Zero‑Day NTLM Response Disclosure in Microsoft Office URI Handler (ZDI‑26‑293)
What Happened – A newly disclosed vulnerability (ZDI‑26‑293 / ZDI‑CAN‑28651) in Microsoft Office’s handling of URI schemes allows a remote attacker to harvest NTLM response hashes when a user opens a malicious document or visits a crafted web page. The flaw stems from insufficient input validation of the Office URI handler.
Why It Matters for TPRM –
- NTLM hashes can be relayed or cracked, enabling lateral movement into downstream vendors.
- Office is ubiquitous across enterprises; a single compromised user can expose credential material for many third‑party services.
- The issue is a zero‑day with no vendor‑issued patch, increasing exposure window.

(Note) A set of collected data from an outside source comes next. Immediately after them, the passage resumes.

lemma norm_linear_field: "norm (linear_field a b p) = sqrt (a\<^sup>2 + b\<^sup>2) * norm p"
proof -
  have "(a * fst p - b * snd p)\<^sup>2 + (b * fst p + a * snd p)\<^sup>2 = (a\<^sup>2 + b\<^sup>2) * ((fst p)\<^sup>2 + (snd p)\<^sup>2)"
    by (simp add: algebra_simps power2_eq_square)
  then show ?thesis unfolding linear_field_def norm_prod_def by (simp add: real_sqrt_mult)
qed

lemma linear_field_diff: "linear_field a b p - linear_field a b q = linear_field a b (p - q)"
  by (simp add: linear_field_def algebra_simps)

lemma norm_linear_flow: "norm (linear_flow a b k t) = exp (a * t) * sqrt (1 + k\<^sup>2)"
proof -
  have "(exp (a * t) * (- k * cos (b * t) - sin (b * t)))\<^sup>2
      + (exp (a * t) * (cos (b * t) - k * sin (b * t)))\<^sup>2
      = (exp (a * t))\<^sup>2 * ((1 + k\<^sup>2) * ((sin (b * t))\<^sup>2 + (cos (b * t))\<^sup>2))"
    by algebra
  then show ?thesis unfolding linear_flow_def norm_prod_def by (simp add: real_sqrt_mult)
qed

lemma snd_linear_flow_after_turn:
  fixes a b c k :: real
  assumes "0 < b"
  defines "t \<equiv> (2 * pi - arctan c - arctan k) / b"
  shows "snd (linear_flow a b k t) = exp (a * t) * sqrt (1 + k\<^sup>2) / sqrt (1 + c\<^sup>2)"
proof -
  define Ca where "Ca = 1 / sqrt (1 + c\<^sup>2)"
  define Cb where "Cb = 1 / sqrt (1 + k\<^sup>2)"
  have ca: "cos (arctan c) = Ca" "sin (arctan c) = c * Ca"
    by (simp_all add: Ca_def cos_arctan sin_arctan)
  have cb: "cos (arctan k) = Cb" "sin (arctan k) = k * Cb"
    by (simp_all add: Cb_def cos_arctan sin_arctan)
  have "b * t = 2 * pi - (arctan c + arctan k)" using assms by (simp add: t_def)
  then have "cos (b * t) - k * sin (b * t) = cos (arctan c + arctan k) + k * sin (arctan c + arctan k)"
    by (simp add: cos_diff sin_diff)
  also have "\<dots> = Ca * (Cb * (1 + k\<^sup>2))"
    by (simp add: cos_add sin_add ca cb algebra_simps power2_eq_square)
  also have "Cb * (1 + k\<^sup>2) = sqrt (1 + k\<^sup>2)"
    unfolding Cb_def by (simp add: real_div_sqrt add_pos_nonneg)
  finally show ?thesis by (simp add: linear_flow_def Ca_def)
qed

lemma exp_half_ln: "0 < x \<Longrightarrow> exp (ln x / 2) = sqrt x"
  using powr_half_sqrt[of x] by (simp add: powr_def)

text \<open>Writing \<open>snd (linear_flow a b k t) = e\<^sup>a\<^sup>t \<surd>(1+k\<^sup>2) cos (b t + arctan k)\<close>, the time at which
  the previous lemma evaluates it for \<open>c = -a/b\<close> is where this height is maximal in the first
  revolution; the hypothesis of the theorem says exactly that this maximal height exceeds \<open>1\<close>.\<close>
lemma linear_flow_rises_above_one:
  fixes a b k :: real
  assumes "a < 0" and "b > 0" and "k > 0"
    and hyp: "(a / b) * (3 * pi / 2) - (a / b) * arccot (- k) + ln (1 + k\<^sup>2) / 2
         > (a / b) * (- pi / 2) - (a / b) * arccot (- a / b) + ln (1 + a\<^sup>2 / b\<^sup>2) / 2"
  shows "\<exists>tm>0. snd (linear_flow a b k tm) > 1"
proof -
  define c where "c = - a / b"
  define tm where "tm = (2 * pi - arctan c - arctan k) / b"
  have "arctan c < pi / 2" "arctan k < pi / 2" using arctan_ubound by auto
  then have "tm > 0" using assms pi_gt3 by (simp add: tm_def)
  have ac1: "arccot (- k) = pi / 2 + arctan k" by (simp add: arccot_def arctan_minus)
  have ac2: "arccot (- a / b) = pi / 2 - arctan c" by (simp add: arccot_def c_def)
  have c2: "a\<^sup>2 / b\<^sup>2 = c\<^sup>2" by (simp add: c_def power_divide)
  have atm: "a * tm = (a / b) * (2 * pi - arctan c - arctan k)" by (simp add: tm_def)
  from hyp have "0 < a * tm + ln (1 + k\<^sup>2) / 2 - ln (1 + c\<^sup>2) / 2"
    unfolding ac1 ac2 c2 atm by (simp add: algebra_simps add_divide_distrib)
  then have "1 < exp (a * tm + ln (1 + k\<^sup>2) / 2 - ln (1 + c\<^sup>2) / 2)" by simp
  also have "\<dots> = snd (linear_flow a b k tm)"
    using snd_linear_flow_after_turn[OF \<open>b > 0\<close>, where a = a and c = c and k = k]
    by (simp add: exp_add exp_diff exp_half_ln add_pos_nonneg tm_def)
  finally show ?thesis using \<open>tm > 0\<close> by auto
qed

Who Is Affected – All organizations that deploy Microsoft Office desktop applications, spanning finance, healthcare, government, and SaaS providers.
Recommended Actions –
- Immediately restrict or disable Office URI handling via Group Policy.
- Enforce multi‑factor authentication for services that accept NTLM authentication.
- Monitor for anomalous NTLM traffic and implement network‑level detection of credential replay.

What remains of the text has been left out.